Питер кивнул, скорчил ей рожицу и обернулся на звук охотничьего рога. — Будь осторожен! — крикнула Кейт.

Сын с любопытством взглянул на нее. — Почему ты всегда дрожишь надо мной? — Потому, что тебя очень люблю. Ты — единственное, что у меня осталось.

И вот они умчались — всадники на лошадях и целая стая гончих. Когда они достигли подножия холма, Дэмьен догнал передних всадников, непринужденно болтавших о том, как убить лису.

— Да, уж давно такого не случалось, — присвистнул главный егерь, — эти чертовы лисы стали такими хитрыми.

На вершине холма Дэмьен оглянулся, пересчитывая наездников. Всего двадцать пять человек, считая Сьюзен и Питера. Мальчик помахал ему, Дэмьен отсалютовал в ответ, а затем взглянул на главного егеря, который указывал на подлесок внизу, в четверти мили от места, где они сейчас находились. Старик принюхивался к чему-то, как те гончие, которых он только что направил вниз с холма. Собаки помчались что есть духу, пригнув к земле морды. Они слились в единое целое, испытывая безудержную радость от того, что вырвались, наконец, за пределы своей собачьей конуры.

Пока собаки прочесывали подлесок, всадники — кто терпеливо, кто от возбуждения привстав в стременах — ждали, готовые в любой момент рвануться вслед за собаками. Наконец тишина была прервана. Гончие залаяли. Главный егерь протрубил в рог и поскакал вниз.

Дэмьен последоавл за ним. Остальные всадники помчались вдогонку. Переведя лошадей в галоп, они скоро достигли подлеска и, приблизившись к густой поросли, перешли на шаг.

Дэмьен, завороженный охотой, услышал вдруг сзади крик и звук падения. Он резко обернулся и увидел распростертое на земле неподвижное тело. Дэмьен с беспокойством переводил взгляд с одного наездника на другого, выискивая глазами Питера. Наконец кусты раздвинулись. Заметив мальчика верхом на пони, он улыбнулся.

Дэмьен первым выследил лисицу. Глаза его сузились, ноздри раздулись от возбуждения. Из горла вырвался сдавленный хрип, и Торн замер на месте, поджидая главного егеря. Мгновение спустя старый егерь издал воинственный клич и припустилсвою лошадь сквозь кусты в сторону гончих и огненно-рыжего зверька, мчащегося впереди через поле.
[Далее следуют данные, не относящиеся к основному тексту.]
(* Let $f:[0,1]^n \to \mathbb{R}_+$ be a differentiable DR-submodular function and $\vec{x}^* \in [0,1]^n$ a maximizer of $f$. Consider a differentiable trajectory $(\vec{x}^{(t)},\vec{y}^{(t)})$ with $\vec{x}^{(t)} \le \vec{y}^{(t)}$ satisfying $\dot{\vec{x}}^{(t)} = \nabla f(\vec{x}^{(t)})^+$ and $\dot{\vec{y}}^{(t)} = \nabla f(\vec{y}^{(t)})^-$. Let $\vec{p}^{(t)}$ be the projection of $\vec{x}^*$ onto the box $[\vec{x}^{(t)},\vec{y}^{(t)}]$, i.e. $p^{(t)}_i = \min\{\max\{x^*_i, x^{(t)}_i\}, y^{(t)}_i\}$. Then at every time $t$ (where the derivatives exist) $$\frac12\left(\langle \nabla f(\vec{x}^{(t)}), \dot{\vec{x}}^{(t)}\rangle + \langle \nabla f(\vec{y}^{(t)}), \dot{\vec{y}}^{(t)}\rangle\right) + \langle \nabla f(\vec{p}^{(t)}), \dot{\vec{p}}^{(t)}\rangle \ge 0.$$
   Context: For a vector $\vec{v}$, $\vec{v}^+$ denotes the vector with entries $\max\{v_i,0\}$ and $\vec{v}^-$ the vector with entries $\min\{v_i,0\}$. A function $f:[0,1]^n \to \mathbb{R}_+$ is DR-submodular if for all $\vec{x}\le\vec{y}$ in $[0,1]^n$ (coordinate-wise), all $i\in[n]$ and $\delta\in[0,1]$ with $\vec{x}+\delta\vec{1}_{\{i\}}, \vec{y}+\delta\vec{1}_{\{i\}} \in [0,1]^n$, $f(\vec{x}+\delta\vec{1}_{\{i\}})-f(\vec{x}) \ge f(\vec{y}+\delta\vec{1}_{\{i\}})-f(\vec{y})$; for differentiable $f$ this is equivalent to $\nabla f(\vec{x}) \ge \nabla f(\vec{y})$ whenever $\vec{x}\le\vec{y}$. Dots denote time derivatives. *)

theory Defs
  imports "HOL-Analysis.Analysis"
begin

definition unit_cube :: "(real ^ 'n) set" where
  "unit_cube = {x. \<forall>i. 0 \<le> x $ i \<and> x $ i \<le> 1}"

definition vpos :: "real ^ 'n \<Rightarrow> real ^ 'n" where
  "vpos v = (\<chi> i. max (v $ i) 0)"

definition vneg :: "real ^ 'n \<Rightarrow> real ^ 'n" where
  "vneg v = (\<chi> i. min (v $ i) 0)"

definition dr_submodular :: "(real ^ 'n \<Rightarrow> real) \<Rightarrow> bool" where
  "dr_submodular f \<longleftrightarrow>
     (\<forall>x y i \<delta>. x \<in> unit_cube \<and> y \<in> unit_cube \<and> x \<le> y \<and> 0 \<le> \<delta> \<and> \<delta> \<le> 1 \<and>
        x + \<delta> *\<^sub>R axis i 1 \<in> unit_cube \<and> y + \<delta> *\<^sub>R axis i 1 \<in> unit_cube \<longrightarrow>
        f (x + \<delta> *\<^sub>R axis i 1) - f x \<ge> f (y + \<delta> *\<^sub>R axis i 1) - f y)"

definition box_proj :: "real ^ 'n \<Rightarrow> real ^ 'n \<Rightarrow> real ^ 'n \<Rightarrow> real ^ 'n" where
  "box_proj z x y = (\<chi> i. min (max (z $ i) (x $ i)) (y $ i))"
lemma kip_commute: "on_X F \<Longrightarrow> on_X G \<Longrightarrow> kip K F G = kip K G F"
proof -
  assume F: "on_X F" and G: "on_X G"
  have "kip K F G = (\<Sum>(x,y)\<leftarrow>F. \<Sum>(z,w)\<leftarrow>G. w \<bullet> (K z x *v y))"
    unfolding kip_def
  proof (intro arg_cong[where f=sum_list] map_cong refl, clarify)
    fix x y assume "(x,y) \<in> set F"
    then have "x \<in> X" using F by (force simp: on_X_def)
    show "(\<Sum>(z,w)\<leftarrow>G. y \<bullet> (K x z *v w)) = (\<Sum>(z,w)\<leftarrow>G. w \<bullet> (K z x *v y))"
    proof (intro arg_cong[where f=sum_list] map_cong refl, clarify)
      fix z w assume "(z,w) \<in> set G"
      then have "z \<in> X" using G by (force simp: on_X_def)
      with \<open>x \<in> X\<close> show "y \<bullet> (K x z *v w) = w \<bullet> (K z x *v y)"
        using kernel_inner_commute[of x z y w] inner_commute[of w "K z x *v y"] by simp
    qed
  qed
  also have "\<dots> = kip K G F"
    unfolding kip_def by (rule sum_list_pairs_swap)
  finally show ?thesis .
qed

lemma kip_self_nonneg: "on_X F \<Longrightarrow> 0 \<le> kip K F F"
  using pd by (auto simp: pd_kernel_def kip_def on_X_def)

lemma kip_cong_left: "on_X F \<Longrightarrow> on_X F' \<Longrightarrow> on_X G \<Longrightarrow> kfun K F = kfun K F' \<Longrightarrow> kip K F G = kip K F' G"
  by (simp add: kip_eq_sum_kfun)

definition kspan :: "(real^'n \<Rightarrow> real^'n) set" where
  "kspan = {kfun K F | F. on_X F}"

definition kspan_rep :: "(real^'n \<Rightarrow> real^'n) \<Rightarrow> 'n kernel_fam" where
  "kspan_rep u = (SOME F. on_X F \<and> u = kfun K F)"

text \<open>Independent of the chosen representatives, see \<open>kspan_ip_kfun\<close>.\<close>

definition kspan_ip :: "(real^'n \<Rightarrow> real^'n) \<Rightarrow> (real^'n \<Rightarrow> real^'n) \<Rightarrow> real" where
  "kspan_ip u v = kip K (kspan_rep u) (kspan_rep v)"

lemma kfun_in_kspan: "on_X F \<Longrightarrow> kfun K F \<in> kspan"
  by (auto simp: kspan_def)

lemma kspan_E:
  assumes "u \<in> kspan"
  obtains F where "on_X F" "u = kfun K F"
  using assms by (auto simp: kspan_def)

lemma kspan_rep: "u \<in> kspan \<Longrightarrow> on_X (kspan_rep u) \<and> u = kfun K (kspan_rep u)"
  unfolding kspan_rep_def by (rule someI_ex) (auto simp: kspan_def)

lemma kspan_ip_kfun: "on_X F \<Longrightarrow> on_X G \<Longrightarrow> kspan_ip (kfun K F) (kfun K G) = kip K F G"
proof -
  assume F: "on_X F" and G: "on_X G"
  define F' G' where "F' = kspan_rep (kfun K F)" and "G' = kspan_rep (kfun K G)"
  have F': "on_X F'" "kfun K F = kfun K F'" and G': "on_X G'" "kfun K G = kfun K G'"
    using kspan_rep[OF kfun_in_kspan[OF F]] kspan_rep[OF kfun_in_kspan[OF G]] by (auto simp: F'_def G'_def)
  have "kspan_ip (kfun K F) (kfun K G) = kip K F' G'" by (simp add: kspan_ip_def F'_def G'_def)
  also have "\<dots> = kip K F G'" using F F' G' by (intro kip_cong_left) auto
  also have "\<dots> = kip K G' F" by (rule kip_commute[OF F G'(1)])
  also have "\<dots> = kip K G F" using F G G' by (intro kip_cong_left) auto
  also have "\<dots> = kip K F G" by (rule kip_commute[OF G F])
  finally show ?thesis .
qed

lemma kspan_ip_kfun_right: "u \<in> kspan \<Longrightarrow> on_X G \<Longrightarrow> kspan_ip u (kfun K G) = (\<Sum>(z,w)\<leftarrow>G. u z \<bullet> w)"
  by (elim kspan_E) (simp add: kspan_ip_kfun kip_eq_sum_kfun)
definition contracted_parent :: "'a \<Rightarrow> 'a" where
  "contracted_parent x =
     (if x \<in> nontops \<and> linked_parent x \<in> nontops then linked_parent x else r)"

definition contracted_vertices :: "'a set" where
  "contracted_vertices = insert r nontops"

lemma parent_dist:
  assumes "x \<in> nontops"
  shows "0 < parent_dist x" "parent_dist x \<le> h x" "linked (linked_parent x) x"
    and "\<And>j. 0 < j \<Longrightarrow> j \<le> h x \<Longrightarrow> linked ((p ^^ j) x) x \<Longrightarrow> parent_dist x \<le> j"
proof -
  let ?P = "\<lambda>k. 0 < k \<and> k \<le> h x \<and> linked ((p ^^ k) x) x"
  have "?P (top_dist x)"
    using assms top_dist_le_height linked_top unfolding nontops_def top_of_def by simp
  then have "?P (parent_dist x)" unfolding parent_dist_def by (rule LeastI)
  then show "0 < parent_dist x" "parent_dist x \<le> h x" "linked (linked_parent x) x"
    unfolding linked_parent_def by auto
  show "\<And>j. 0 < j \<Longrightarrow> j \<le> h x \<Longrightarrow> linked ((p ^^ j) x) x \<Longrightarrow> parent_dist x \<le> j"
    unfolding parent_dist_def by (rule Least_le) simp
qed

lemma linked_parent_in_V: "x \<in> nontops \<Longrightarrow> linked_parent x \<in> V"
  unfolding linked_parent_def using iterate_in_tree[OF tree] parent_dist(2) nontops_subset_V by blast

lemma height_linked_parent: "x \<in> nontops \<Longrightarrow> h (linked_parent x) = h x - parent_dist x"
  unfolding linked_parent_def using height_iterate[OF tree] parent_dist(2) nontops_subset_V by blast

lemma height_linked_parent_less: "x \<in> nontops \<Longrightarrow> h (linked_parent x) < h x"
  using height_linked_parent parent_dist(1,2) by fastforce

lemma height_contracted_parent_less: "x \<in> nontops \<Longrightarrow> h (contracted_parent x) < h x"
  using height_linked_parent_less parent_dist(1,2)[of x]
  unfolding contracted_parent_def by (auto simp: height_root)

lemma contracted_parent_in: "contracted_parent x \<in> contracted_vertices"
  unfolding contracted_parent_def contracted_vertices_def by auto

lemma contracted_vertices_subset_V: "contracted_vertices \<subseteq> V"
  unfolding contracted_vertices_def using nontops_subset_V root_in_V by blast

lemma contracted_reaches_root:
  "x \<in> contracted_vertices \<Longrightarrow> \<exists>k \<le> h x. (contracted_parent ^^ k) x = r"
proof (induction "h x" arbitrary: x rule: less_induct)
  case less
  show ?case
  proof (cases "x = r")
    case True then show ?thesis by (intro exI[of _ 0]) simp
  next
    case False
    then have x: "x \<in> nontops" using less.prems unfolding contracted_vertices_def by blast
    obtain k where "k \<le> h (contracted_parent x)" "(contracted_parent ^^ k) (contracted_parent x) = r"
      using less.hyps[OF height_contracted_parent_less[OF x] contracted_parent_in] by blast
    then show ?thesis using height_contracted_parent_less[OF x]
      by (intro exI[of _ "Suc k"]) (simp add: funpow_Suc_right del: funpow.simps)
  qed
qed

lemma rooted_tree_contracted: "rooted_tree contracted_vertices r contracted_parent"
  unfolding rooted_tree_def
  using finite_subset[OF contracted_vertices_subset_V finite_V] contracted_parent_in
    contracted_reaches_root by (auto simp: contracted_vertices_def)

lemma tree_depth_contracted_le:
  "tree_depth_of contracted_vertices r contracted_parent \<le> tree_depth_of V r p"
  unfolding tree_depth_of_def
proof (subst Max_le_iff)
  show "finite (height r contracted_parent ` contracted_vertices)"
    using finite_subset[OF contracted_vertices_subset_V finite_V] by simp
  show "height r contracted_parent ` contracted_vertices \<noteq> {}"
    unfolding contracted_vertices_def by simp
  show "\<forall>a\<in>height r contracted_parent ` contracted_vertices. a \<le> Max (h ` V)"
  proof
    fix a assume "a \<in> height r contracted_parent ` contracted_vertices"
    then obtain x where x: "x \<in> contracted_vertices" "a = height r contracted_parent x" by blast
    have "a \<le> h x" using contracted_reaches_root[OF x(1)] height_le x(2) by (metis order_trans)
    also have "h x \<le> Max (h ` V)" using x(1) contracted_vertices_subset_V finite_V by (intro Max_ge) auto
    finally show "a \<le> Max (h ` V)" .
  qed
qed

lemma ancestor_contracted:
  "x \<in> nontops \<Longrightarrow> j \<le> h x \<Longrightarrow> linked ((p ^^ j) x) x \<Longrightarrow> (p ^^ j) x \<in> nontops
    \<Longrightarrow> ancestor r contracted_parent ((p ^^ j) x) x"
proof (induction "h x" arbitrary: x j rule: less_induct)
  case less
  let ?y = "linked_parent x" and ?d = "parent_dist x"
  have x: "x \<in> nontops" "x \<in> V" "x \<noteq> r"
    using less.prems(1) nontops_subset_V root_notin_nontops by blast+
  have in_tree: "x \<in> contracted_vertices" using x unfolding contracted_vertices_def by blast
  have up: "ancestor r contracted_parent u x" if "ancestor r contracted_parent u (contracted_parent x)" for u
    using ancestor_if_ancestor_parent[OF rooted_tree_contracted in_tree x(3) that] .
  show ?case
  proof (cases "j = 0")
    case True then show ?thesis by (simp add: ancestor_refl)
  next
    case False
    then have "?d \<le> j" using parent_dist(4)[OF x(1)] less.prems by simp
    show ?thesis
    proof (cases "?d = j")
      case True
      then have "contracted_parent x = (p ^^ j) x"
        using x(1) less.prems(4) unfolding contracted_parent_def linked_parent_def by simp
      then show ?thesis using up ancestor_refl by metis
    next
      case False
      with \<open>?d \<le> j\<close> have lt: "?d < j" by simp
      have eq: "(p ^^ (j - ?d)) ?y = (p ^^ j) x"
        using lt unfolding linked_parent_def by (simp add: funpow_apply_add)
      have "top_dist ?y = top_dist x - ?d"
        using top_dist_iterate[OF x(2) parent_dist(2,3)[OF x(1), unfolded linked_parent_def]]
        unfolding linked_parent_def .
      moreover have "j \<le> top_dist x" using top_dist_greatest less.prems(2,3) by blast
      ultimately have y: "?y \<in> nontops"
        using linked_parent_in_V[OF x(1)] lt unfolding nontops_def by simp
      then have "contracted_parent x = ?y" using x(1) unfolding contracted_parent_def by simp
      moreover have "ancestor r contracted_parent ((p ^^ (j - ?d)) ?y) ?y"
      proof (rule less.hyps[OF height_linked_parent_less[OF x(1)] y])
        show "j - ?d \<le> h ?y" using height_linked_parent[OF x(1)] less.prems(2) by simp
        show "linked ((p ^^ (j - ?d)) ?y) ?y"
          using conn_trans[OF less.prems(3) conn_sym[OF parent_dist(3)[OF x(1)]]] eq by simp
        show "(p ^^ (j - ?d)) ?y \<in> nontops" using eq less.prems(4) by simp
      qed
      ultimately show ?thesis using up eq by simp
    qed
  qed
qed
definition lie :: "'m::finite pt set \<Rightarrow> ('m pt \<Rightarrow> 'm pt) \<Rightarrow> ('m pt \<Rightarrow> 'm pt) \<Rightarrow> 'm pt \<Rightarrow> 'm pt" where
  "lie S X Y p = frechet_derivative Y (at p within S) (X p) - frechet_derivative X (at p within S) (Y p)"

definition curv :: "'m::finite pt set \<Rightarrow> ('m pt \<Rightarrow> 'm pt) \<Rightarrow> ('m pt \<Rightarrow> 'm pt) \<Rightarrow> ('m pt \<Rightarrow> 'm pt) \<Rightarrow> 'm pt \<Rightarrow> 'm pt" where
  "curv S X Y Z p = cov S X (cov S Y Z) p - cov S Y (cov S X Z) p - cov S (lie S X Y) Z p"

definition C2field :: "('m::finite pt \<Rightarrow> 'm pt) \<Rightarrow> bool" where
  "C2field X \<longleftrightarrow> (\<forall>q. X differentiable (at q)) \<and>
      (\<forall>v q. (\<lambda>r. frechet_derivative X (at r) v) differentiable (at q))"

definition tfield :: "'m::finite pt set \<Rightarrow> ('m pt \<Rightarrow> 'm pt) \<Rightarrow> bool" where
  "tfield S X \<longleftrightarrow> C2field X \<and> (\<forall>p\<in>S. X p \<in> tangent_space S p)"

definition pi1 :: "'m::finite pt \<Rightarrow> 'm pt \<Rightarrow> 'm pt \<Rightarrow> 'm pt \<Rightarrow> real" where
  "pi1 x y z u = gN y z * gN x u - gN x z * gN y u"

definition Kcurv :: "'m::finite pt set \<Rightarrow> ('m pt \<Rightarrow> 'm pt) \<Rightarrow> ('m pt \<Rightarrow> 'm pt) \<Rightarrow> 'm pt \<Rightarrow> real" where
  "Kcurv S X Y p = gN (curv S X Y Y p) (X p) / pi1 (X p) (Y p) (Y p) (X p)"

definition Ktcurv :: "'m::finite pt set \<Rightarrow> ('m pt \<Rightarrow> 'm pt) \<Rightarrow> ('m pt \<Rightarrow> 'm pt) \<Rightarrow> 'm pt \<Rightarrow> real" where
  "Ktcurv S X Y p = gN (curv S X Y Y p) (Jop (X p)) / pi1 (X p) (Y p) (Y p) (X p)"

definition nondeg_plane :: "'m::finite pt \<Rightarrow> 'm pt \<Rightarrow> bool" where
  "nondeg_plane x y \<longleftrightarrow> dim (span {x, y}) = 2 \<and>
     (\<forall>u\<in>span {x, y}. (\<forall>w\<in>span {x, y}. gN u w = 0) \<longrightarrow> u = 0)"

definition totally_real :: "'m::finite pt \<Rightarrow> 'm pt \<Rightarrow> bool" where
  "totally_real x y \<longleftrightarrow> span {x, y} \<noteq> span {Jop x, Jop y} \<and>
     (\<forall>u\<in>span {x, y}. \<forall>w\<in>span {Jop x, Jop y}. gN u w = 0)"

definition const_tr_curv :: "'m::finite pt set \<Rightarrow> real \<Rightarrow> real \<Rightarrow> bool" where
  "const_tr_curv S \<nu> \<nu>' \<longleftrightarrow>
     (\<forall>p\<in>S. \<forall>X Y. tfield S X \<and> tfield S Y \<and> nondeg_plane (X p) (Y p) \<and> totally_real (X p) (Y p)
        \<longrightarrow> Kcurv S X Y p = \<nu> \<and> Ktcurv S X Y p = \<nu>')"

end

theory Submission
  imports Defs
begin

(*
  Identify R^(2n+2) with C^(n+1), letting the imaginary unit act as -J. Then g and
  tilde-g are the real and imaginary parts of a complex bilinear form gC, and the
  h-sphere S(z0; a, b) is the complex quadric gC(Z - z0, Z - z0) = kappa with
  kappa = a + i b. Its tangent space at p is the gC-orthogonal complement of
  N = p - z0, and the tangential projection is w - (gC(w, N) / kappa) N. The Gauss
  formula for the induced connection, together with the symmetry of second
  derivatives, gives the curvature tensor of a "complex round sphere",
    R(X, Y) Z = (gC(Z, Y) X - gC(Z, X) Y) / kappa.
  On a totally real plane gC restricts to g, so K + i tilde-K = 1 / kappa, which
  for the given a, b is nu + i tilde-nu.
*)

lemma bilinear_gN: "bilinear (gN :: 'm::finite pt \<Rightarrow> 'm pt \<Rightarrow> real)"
  by (auto simp: bilinear_def gN_def algebra_simps intro!: linearI)

interpretation gN: bounded_bilinear "gN :: 'm::finite pt \<Rightarrow> 'm pt \<Rightarrow> real"
  using bilinear_gN bilinear_conv_bounded_bilinear by blast

lemma gN_commute: "gN U W = gN W U"
  by (simp add: gN_def inner_commute)

lemma gN_Jop_left: "gN (Jop U) W = gN U (Jop W)"
  by (simp add: gN_def Jop_def inner_commute)

lemma gN_nondegenerate:
  assumes "\<And>W. gN U W = 0"
  shows "U = 0"
proof -
  have "gN U (fst U, - snd U) = U \<bullet> U"
    by (simp add: gN_def inner_prod_def)
  then show "U = 0"
    using assms by simp
qed

definition gC :: "'m::finite pt \<Rightarrow> 'm pt \<Rightarrow> complex" where
  "gC U W = Complex (gN U W) (gT U W)"

definition cscale :: "complex \<Rightarrow> 'm::finite pt \<Rightarrow> 'm pt" where
  "cscale w U = Re w *\<^sub>R U - Im w *\<^sub>R Jop U"

lemma bilinear_gC: "bilinear (gC :: 'm::finite pt \<Rightarrow> 'm pt \<Rightarrow> complex)"
  by (simp add: bilinear_def linear_iff gC_def gT_def gN_def Jop_def complex_eq_iff
      algebra_simps)

interpretation gC: bounded_bilinear "gC :: 'm::finite pt \<Rightarrow> 'm pt \<Rightarrow> complex"
  using bilinear_gC bilinear_conv_bounded_bilinear by blast

lemma bilinear_cscale: "bilinear (cscale :: complex \<Rightarrow> 'm::finite pt \<Rightarrow> 'm pt)"
  by (auto simp: bilinear_def cscale_def Jop_def algebra_simps intro!: linearI)

interpretation cscale: bounded_bilinear "cscale :: complex \<Rightarrow> 'm::finite pt \<Rightarrow> 'm pt"
  using bilinear_cscale bilinear_conv_bounded_bilinear by blast

lemma gC_commute: "gC U W = gC W U"
  by (simp add: gC_def gT_def gN_def Jop_def complex_eq_iff inner_commute)

lemma gC_cscale_left: "gC (cscale w U) W = w * gC U W"
  by (simp add: gC_def gT_def cscale_def Jop_def gN.diff_left gN.scaleR_left complex_eq_iff
      gN_def algebra_simps)

lemma gC_cscale_right: "gC W (cscale w U) = w * gC W U"
  by (metis gC_commute gC_cscale_left)

lemma cscale_one: "cscale 1 U = U"
  by (simp add: cscale_def)

lemma Re_gC: "Re (gC U W) = gN U W"
  by (simp add: gC_def)

lemma Im_gC: "Im (gC U W) = gN U (Jop W)"
  by (simp add: gC_def gT_def gN_Jop_left)
lemma ps_map_lincomb:
  fixes H :: "('v, 'r::comm_ring_1) pser"
  assumes H: "\<And>m. H m = (\<Sum>i\<in>I (mdeg m). c i * h i m)"
    and fin_I: "\<And>d. finite (I d)" and fin_h: "\<And>d i. i \<in> I d \<Longrightarrow> degwise_finite (h i)"
  shows "ps_map \<phi> H m' = (\<Sum>i\<in>I (mdeg m'). c i * ps_map \<phi> (h i) m')"
proof -
  define d where "d = mdeg m'"
  define S where "S = (\<Union>i\<in>I d. {m. mdeg m = d \<and> h i m \<noteq> 0})"
  have fin_S: "finite S"
    unfolding S_def using fin_I fin_h unfolding degwise_finite_def by blast
  have supp_H: "{m. mdeg m = mdeg m' \<and> H m \<noteq> 0} \<subseteq> S"
    unfolding S_def d_def by (rule lincomb_support_subset[where I=I and c=c and h=h, OF H])
  have "ps_map \<phi> H m' = (\<Sum>m\<in>{m\<in>S. mpush \<phi> m = m'}. \<Sum>i\<in>I d. c i * h i m)"
    unfolding ps_map_conv_sum[OF fin_S supp_H] by (rule sum.cong) (auto simp: H S_def)
  also have "\<dots> = (\<Sum>i\<in>I d. c i * (\<Sum>m\<in>{m\<in>S. mpush \<phi> m = m'}. h i m))"
    by (subst sum.swap) (simp add: sum_distrib_left)
  also have "\<dots> = (\<Sum>i\<in>I d. c i * ps_map \<phi> (h i) m')"
  proof (rule sum.cong[OF refl])
    fix i assume "i \<in> I d"
    then have "{m. mdeg m = mdeg m' \<and> h i m \<noteq> 0} \<subseteq> S"
      unfolding S_def d_def by blast
    then show "c i * (\<Sum>m\<in>{m\<in>S. mpush \<phi> m = m'}. h i m) = c i * ps_map \<phi> (h i) m'"
      by (simp add: ps_map_conv_sum[OF fin_S])
  qed
  finally show ?thesis by (simp add: d_def)
qed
Дэмьен прижался к лошади и пустился в погоню. Он без труда опередил всех, возглавив кавалькаду. Еще несколько секунд и он догнал свору гончих и, распластавшись на своем черном жеребце, очень скоро оставил ее далеко позади.

Охотники восхищенно и с удивлением наблюдали как мастерски управляет Дэмьен жеребцом. Никогда еще не доводилось им видеть, чтобы лошадь этой породы неслась так быстро…

Брат Антонио в бинокль разглядывал сцену погони и, довольный происходящим, улыбался. Все шло по плану.

Он повернулся к серой кобыле, вскочил в седло и поправил на спине ружье, постоянно бившееся о клетку, привязанную к передней луке седла. Лисица внутри клетки огрызнулась и бросилась было на него, но монах не обратил на нее внимания. Он проскакал по лесу добрую сотню ярдов и очутился, наконец, в намеченном местечке. Антонио спешился, отвел лошадь подальше в кусты и привязал ее. Потом отстегнул ружье и поднял его к плечу.

Прищурив глаза, всматривался Антонио вдаль. Губы его были плотно сжаты. «Если бы все было так легко, — думал он, — если бы все это можно было разрешить ружейным выстрелом».

И тут Антонио заметил лисицу. Он спустил курок. Осечка. Он выстрелил снова, подбежал к убитой лисице, поднял трупик и, торопливо возвратившись той же дорогой, закинул его в кусты. Затем отвязал от седла клетку и стал продираться назад к тропинке. Он то и дело прислушивался, пытаясь определить, насколько приблизилась свора гончих. Она уже почти настигла его. Антонио молниеносно распахнул дверцу клетки, и лисица тут же выскочила на тропинку. Антонио бросился на землю и прижался к ней лицом как раз в тот самый момент, когда Дэмьен, а за ним гончие, преследуя лисицу, пронеслись мимо.

Антонио подхватил мертвую лисицу, привязав ее к длинной веревке, вскочил на лошадь и поскакал обратно, надеясь поспеть вовремя. На дороге он оказался за несколько секунд до того, как туда примчалась собачья свора. Когда Антонио внезапно появился среди них и неожиданно повернул в обратную сторону, собаки замешкались в растерянности, но затем одна за другой бросились следом. Они пытались ухватить труп лисицы, привязанный к лошади Антонио и тащившийся за ней на веревке по грязной дороге.

Через некоторое время монах свернул направо и поскакал галопом. За ним по пятам мчались гончие. За спиной он уже слышал стук копыт и крики отставших охотников.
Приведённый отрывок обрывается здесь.